- EXERCISE BRIEF
Every line with the string "thesis" must be copied from the entries below.

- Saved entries
--- START ---
lemma is_equilibrium_leader_follower_iff:
  fixes f1eq f2eq pR1eq :: "real^3"
  assumes "mL \<noteq> 0" and "invertible M1" and "invertible M2" and "invertible JL"
    and "invertible K1" and weight: "f1eq + f2eq = (mL * g) *\<^sub>R e3"
    and "f1eq \<noteq> 0" and "k1 > 0"
  shows "is_equilibrium mL JL g b1 b2 k1 l01 k2 l02 M1 D1 K1 M2 D2 0
      (K1 *v pR1eq + f1eq) f2eq pR1 pR2 pL RL \<longleftrightarrow>
    pR1 = pR1eq \<and> cross3 e1 (transpose RL *v (b1 *\<^sub>R f1eq - b2 *\<^sub>R f2eq)) = 0
    \<and> cable_force k1 l01 pR1 (pL + RL *v attach1 b1) = f1eq
    \<and> cable_force k2 l02 pR2 (pL + RL *v attach2 b2) = f2eq
    \<and> pL = pR1eq - RL *v attach1 b1 - (norm f1eq / k1 + l01) *\<^sub>R ((1 / norm f1eq) *\<^sub>R f1eq)"
proof -
  define f1 where "f1 = cable_force k1 l01 pR1 (pL + RL *v attach1 b1)"
  define f2 where "f2 = cable_force k2 l02 pR2 (pL + RL *v attach2 b2)"
  have anchor: "pL = pR1eq - RL *v attach1 b1 - (norm f1eq / k1 + l01) *\<^sub>R ((1 / norm f1eq) *\<^sub>R f1eq)"
    if "f1 = f1eq" and "pR1 = pR1eq"
  proof -
    have "pL + RL *v attach1 b1 = pR1 - (norm f1eq / k1 + l01) *\<^sub>R ((1 / norm f1eq) *\<^sub>R f1eq)"
      using cable_force_eq_imp_anchor_eq that(1) assms(7,8) unfolding f1_def by blast
    then show ?thesis using that(2) by (simp add: algebra_simps)
  qed
  have "is_equilibrium mL JL g b1 b2 k1 l01 k2 l02 M1 D1 K1 M2 D2 0
      (K1 *v pR1eq + f1eq) f2eq pR1 pR2 pL RL \<longleftrightarrow>
    K1 *v pR1 + f1 = K1 *v pR1eq + f1eq \<and> f2 = f2eq \<and> f1 + f2 = f1eq + f2eq
      \<and> cross3 e1 (transpose RL *v (b1 *\<^sub>R f1 - b2 *\<^sub>R f2)) = 0"
    unfolding is_equilibrium_iff_balance[OF assms(1-4)] weight[symmetric] Let_def
      f1_def[symmetric] f2_def[symmetric] by simp
  also have "\<dots> \<longleftrightarrow> pR1 = pR1eq \<and> f1 = f1eq \<and> f2 = f2eq
      \<and> cross3 e1 (transpose RL *v (b1 *\<^sub>R f1eq - b2 *\<^sub>R f2eq)) = 0"
    using invertible_matrix_vector_mul_cancel[OF assms(5)] by auto
  finally show ?thesis
    using anchor unfolding f1_def[symmetric] f2_def[symmetric] by blast
qed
--- END ---
- ANSWER BOX
    then show ?thesis using that(2) by (simp add: algebra_simps)
  finally show ?thesis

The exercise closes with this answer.